Definition:Written premium

📝 Written premium is the total amount of premium an insurer records on all policies issued or renewed during a given period, regardless of whether the premium has been collected or the coverage period has begun to run. It stands as one of the most fundamental top-line metrics in the insurance industry — akin to revenue in other sectors — and appears prominently in financial statements, regulatory filings, and rating agency assessments.

📊 The figure captures premium at the moment a policy is bound or renewed, recording the full policy-period amount on the books even if the insurer bills in installments. It differs from earned premium, which recognizes revenue proportionally over the coverage period, and from collected premium, which reflects actual cash received.
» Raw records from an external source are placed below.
lemma blocking_set_construction_disjoint:
  assumes K: "subspace K" "K \<subseteq> X"
    and BK: "blocking_set (Gr scale K) 2 1 B_K"
    and BXK: "blocking_set (qGr scale X K) 2 1 B_XK"
    and BXP: "\<forall>P \<in> Gr scale K 0. blocking_set (qGr scale X P) 1 0 (B_XP P)"
  shows "{T \<in> Gr scale X 1. join scale K T \<in> B_XK} \<inter> (\<Union>P \<in> Gr scale K 0. B_XP P - qGr scale K P 0) = {}"
    and "{T \<in> Gr scale X 1. join scale K T \<in> B_XK} \<inter> B_K = {}"
    and "(\<Union>P \<in> Gr scale K 0. B_XP P - qGr scale K P 0) \<inter> B_K = {}"
    and "\<forall>P \<in> Gr scale K 0. \<forall>Q \<in> Gr scale K 0. P \<noteq> Q \<longrightarrow>
           (B_XP P - qGr scale K P 0) \<inter> (B_XP Q - qGr scale K Q 0) = {}"
proof -
  let ?B1 = "{T \<in> Gr scale X 1. join scale K T \<in> B_XK}"
  let ?B2 = "\<lambda>P. B_XP P - qGr scale K P 0"
  have skew: "dim (K \<inter> T) = 0" if "T \<in> ?B1" for T
    using that BXK dim_Int_eq_0_if_join_qGr[OF K] by (auto simp: blocking_set_def)
  have point: "K \<inter> T = P" "dim P = 1" if "P \<in> Gr scale K 0" "T \<in> ?B2 P" for P T
  proof -
    have "T \<in> qGr scale X P 0 - qGr scale K P 0"
      using that BXP by (auto simp: blocking_set_def)
    then show "K \<inter> T = P"
      by (rule Int_eq_point_if_qGr_diff[OF K that(1)])
    show "dim P = 1"
      using that(1) by (simp add: mem_Gr_iff)
  qed
  have line: "K \<inter> T = T" "dim T = 2" if "T \<in> B_K" for T
  proof -
    have "T \<in> Gr scale K 1"
      using that BK by (auto simp: blocking_set_def)
    then show "K \<inter> T = T" "dim T = 2"
      by (auto simp: mem_Gr_iff)
  qed
  show "?B1 \<inter> (\<Union>P \<in> Gr scale K 0. ?B2 P) = {}"
    using skew point by fastforce
  show "?B1 \<inter> B_K = {}"
    using skew line by fastforce
  show "(\<Union>P \<in> Gr scale K 0. ?B2 P) \<inter> B_K = {}"
    using point line by fastforce
  show "\<forall>P \<in> Gr scale K 0. \<forall>Q \<in> Gr scale K 0. P \<noteq> Q \<longrightarrow> ?B2 P \<inter> ?B2 Q = {}"
    using point by blast
qed

end

theorem proposition3p19:
  fixes scale :: "'a::field \<Rightarrow> 'v::ab_group_add \<Rightarrow> 'v"
    and X K :: "'v set" and n k :: int
    and B_K B_XK :: "'v set set" and B_XP :: "'v set \<Rightarrow> 'v set set"
  assumes vs: "vector_space scale"
    and X: "module.subspace scale X" "pdim scale X = n"
    and K: "K \<in> Gr scale X k" and k: "-1 \<le> k" "k \<le> n - 3"
    and BK: "blocking_set (Gr scale K) 2 1 B_K"
    and BXK: "blocking_set (qGr scale X K) 2 1 B_XK"
    and BXP: "\<forall>P \<in> Gr scale K 0. blocking_set (qGr scale X P) 1 0 (B_XP P)"
    and hyp: "\<forall>L \<in> Gr scale K 1 - B_K. \<forall>S \<in> Gr scale X 2. K \<inter> S = L \<longrightarrow>
               (\<exists>T \<in> (\<Union>P \<in> Gr scale L 0. B_XP P - qGr scale K P 0). T \<subseteq> S)"
  shows "let B1 = {T \<in> Gr scale X 1. join scale K T \<in> B_XK};
             B2 = (\<Union>P \<in> Gr scale K 0. B_XP P - qGr scale K P 0)
         in B1 \<inter> B2 = {} \<and> B1 \<inter> B_K = {} \<and> B2 \<inter> B_K = {}
            \<and> (\<forall>P \<in> Gr scale K 0. \<forall>Q \<in> Gr scale K 0. P \<noteq> Q \<longrightarrow>
                 (B_XP P - qGr scale K P 0) \<inter> (B_XP Q - qGr scale K Q 0) = {})
            \<and> blocking_set (Gr scale X) 2 1 (B1 \<union> B2 \<union> B_K)"
proof -
  interpret vector_space scale
    by (rule vs)
  have K': "subspace K" "K \<subseteq> X"
    using K by (simp_all add: mem_Gr_iff)
  txt \<open>The bounds on k matter only through n \<ge> 2, which makes X finite-dimensional.\<close>
  have "dim X \<noteq> 0"
    using X(2) k by (simp add: pdim_def)
  then interpret projective_space scale X
    using X(1) finite_span_if_dim_neq_0 by unfold_locales
  show ?thesis
    using blocking_set_construction_disjoint[OF K' BK BXK BXP]
      blocking_set_construction[OF K' BK BXK BXP hyp]
    by (simp add: Let_def)
qed
lemma cycle_w_eq:
  assumes "u < m" "u' < m"
  shows "cycle_w m u u' = (if u' = cyc_succ m u \<or> u' = cyc_pred m u then 1 / (2 * real m) else 0)"
proof -
  have "u = cyc_succ m u' \<longleftrightarrow> u' = cyc_pred m u"
    using assms by (auto simp: cyc_succ_eq cyc_pred_eq)
  then show ?thesis using assms by (auto simp: cycle_w_def cyc_succ_def)
qed

lemma sum_cycle_w:
  assumes "3 \<le> m" "u < m" "S \<subseteq> {0..<m}"
  shows "(\<Sum>u'\<in>S. cycle_w m u u') =
    (of_bool (cyc_succ m u \<in> S) + of_bool (cyc_pred m u \<in> S)) / (2 * real m)"
proof -
  have "(\<Sum>u'\<in>S. cycle_w m u u') = (\<Sum>u'\<in>S. of_bool (u' = cyc_succ m u) / (2 * real m)
        + of_bool (u' = cyc_pred m u) / (2 * real m))"
    by (rule sum.cong) (use assms cyc_succ_neq_pred[of m u] in \<open>auto simp: cycle_w_eq subset_iff\<close>)
  also have "\<dots> = (of_bool (cyc_succ m u \<in> S) + of_bool (cyc_pred m u \<in> S)) / (2 * real m)"
    using assms finite_subset[OF assms(3)]
    by (simp add: sum.distrib add_divide_distrib flip: sum_divide_distrib)
  finally show ?thesis .
qed

lemma wdeg_cycle: "3 \<le> m \<Longrightarrow> u < m \<Longrightarrow> wdeg {0..<m} (cycle_w m) u = 1 / real m"
  using sum_cycle_w[of m u "{0..<m}"] cyc_succ_less[of m u] cyc_pred_less[of m u]
  by (simp add: wdeg_def)

lemma weight_fun_cycle: "3 \<le> m \<Longrightarrow> weight_fun {0..<m} (cycle_w m)"
  by (rule weight_funI_wdeg) (auto simp: cycle_w_def wdeg_cycle)
(* The functor $P:\ell\text{-BS}\to\ell\text{-BSYM}$ is left adjoint to the functor $\mathrm{Ext}_\ell:\ell\text{-BSYM}\to\ell\text{-BS}$. The counit at an object $(X,A,\models)$ is $\xi_{(X,A,\models)}=(\mathrm{id}_X,\mathrm{ext}_\ell):P(\mathrm{Ext}_\ell(X,A,\models))\to(X,A,\models)$, where $\mathrm{ext}_\ell:A\to\mathrm{Cont}(\mathrm{Ext}_\ell(X,A,\models))$ sends $a$ to the function $x\mapsto\models(x,a)$; i.e. for every object $(S,\alpha)$ of $\ell$-BS and every $\ell$-BSYM arrow $(f,\phi):P(S,\alpha)\to(X,A,\models)$ there is a unique $\ell$-BS arrow $\tilde f:(S,\alpha)\to\mathrm{Ext}_\ell(X,A,\models)$ with $(f,\phi)=\xi_{(X,A,\models)}\circ P(\tilde f)$ (namely $\tilde f=f$).
   Context: Throughout, $\ell$ is a fixed finite distributive lattice with bottom $0$ and top $1$, regarded as a Heyting algebra with relative pseudocomplement $\to$, and equipped with unary operations $T_r$ ($r\in\ell$) given by $T_r(x)=1$ if $x=r$ and $T_r(x)=0$ otherwise. An $\ell$-VL-algebra is an algebra $(A,\wedge,\vee,\to,(T_r)_{r\in\ell},0,1)$ of this signature belonging to the variety generated by $\ell$ (equivalently, algebras isomorphic to subalgebras of direct powers of $\ell$); homomorphisms preserve all these operations. $\mathrm{Subalg}(\ell)$ is the set of subalgebras of $\ell$. A Boolean space is a compact Hausdorff zero-dimensional space; $\ell$ and its subalgebras carry the discrete topology. The category $\ell$-BS has as objects pairs $(S,\alpha)$ with $S$ a Boolean space and $\alpha$ a map from $\mathrm{Subalg}(\ell)$ to the closed subspaces of $S$ with $\alpha(\ell)=S$ and $\alpha(L_1\cap L_2)=\alpha(L_1)\cap\alpha(L_2)$; its arrows $f:(S_1,\alpha_1)\to(S_2,\alpha_2)$ are continuous maps with $f(\alpha_1(L))\subseteq\alpha_2(L)$ for all $L$. $\mathrm{Cont}(S,\alpha)$ is the set of continuous maps $v:S\to\ell$ with $v(\alpha(L))\subseteq L$ for all $L\in\mathrm{Subalg}(\ell)$, an $\ell$-VL-algebra under pointwise operations. An $\ell$-Boolean system is a triple $(X,A,\models)$ where $X$ is a nonempty set, $A$ is an $\ell$-VL-algebra, and $\models:X\times A\to\ell$ is a map such that for all $x\in X$, $a,b\in A$, $r\in\ell$: (1) $\models(x,\bigvee A_1)=\bigvee_{a\in A_1}\models(x,a)$ for every subset $A_1\subseteq A$ (whose join exists in $A$), and $\models(x,a\wedge b)=\models(x,a)\wedge\models(x,b)$; (2) if $x_1\neq x_2$ then $\models(x_1,a)\neq\models(x_2,a)$ for some $a$; (3) $\models(x,a\to b)=\models(x,a)\to\models(x,b)$; (4) $\models(x,T_r(a))=T_r(\models(x,a))$; (5) $\models(x,0)=0$, $\models(x,1)=1$. The category $\ell$-BSYM has these as objects; an arrow $(\psi_1,\psi_2):(X,A,\models_1)\to(Y,B,\models_2)$ is a function $\psi_1:X\to Y$ with an $\ell$-VL-algebra homomorphism $\psi_2:B\to A$ such that $\models_1(x,\psi_2(b))=\models_2(\psi_1(x),b)$; composition is $(\phi_1,\phi_2)\circ(\psi_1,\psi_2)=(\phi_1\circ\psi_1,\psi_2\circ\phi_2)$. Functors: $\mathrm{Ext}_\ell(X,A,\models)=((X,\tau_A),\alpha_A)$, where $\tau_A$ is the topology on $X$ generated by the sets $\{x\in X:\models(x,a)=r\}$ ($a\in A$, $r\in\ell$) and $\alpha_A(K)=\{x\in X:\models(x,a)\in K\text{ for all }a\in A\}$ for $K\in\mathrm{Subalg}(\ell)$; $\mathrm{Ext}_\ell(\psi_1,\psi_2)=\psi_1$. $P(S,\alpha)=(S,\mathrm{Cont}(S,\alpha),\models_S)$ with $\models_S(s,v)=v(s)$, and $P(f)=(f,f^{-1})$ with $f^{-1}(v)=v\circ f$. *)

theory Defs
  imports "HOL-Analysis.Analysis" "HOL-Library.FuncSet"
begin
For example, if an insurer writes a twelve-month commercial property policy on July 1 with a $120,000 premium, the entire $120,000 counts as written premium in that reporting period, while only $60,000 would be earned by December 31. Adjustments for mid-term endorsements, cancellations, and audit premiums flow through as changes to the written figure, meaning it is not purely a static snapshot but a living metric that shifts throughout the year.

💡 Tracking written premium is essential for gauging growth trajectory, market share, and strategic positioning. Underwriters and executive teams monitor written premium by line of business, geography, and distribution channel to identify emerging trends and allocate capital efficiently. Reinsurers use cedents' written premium volumes to structure treaty reinsurance programs and set ceding commissions. Regulators scrutinize the ratio of net written premium to policyholder surplus as a leverage indicator — if a carrier writes too much premium relative to its surplus, it may signal inadequate capitalization. For MGAs and program administrators, reported written premium is often the benchmark against which binding authority capacity limits and performance targets are measured.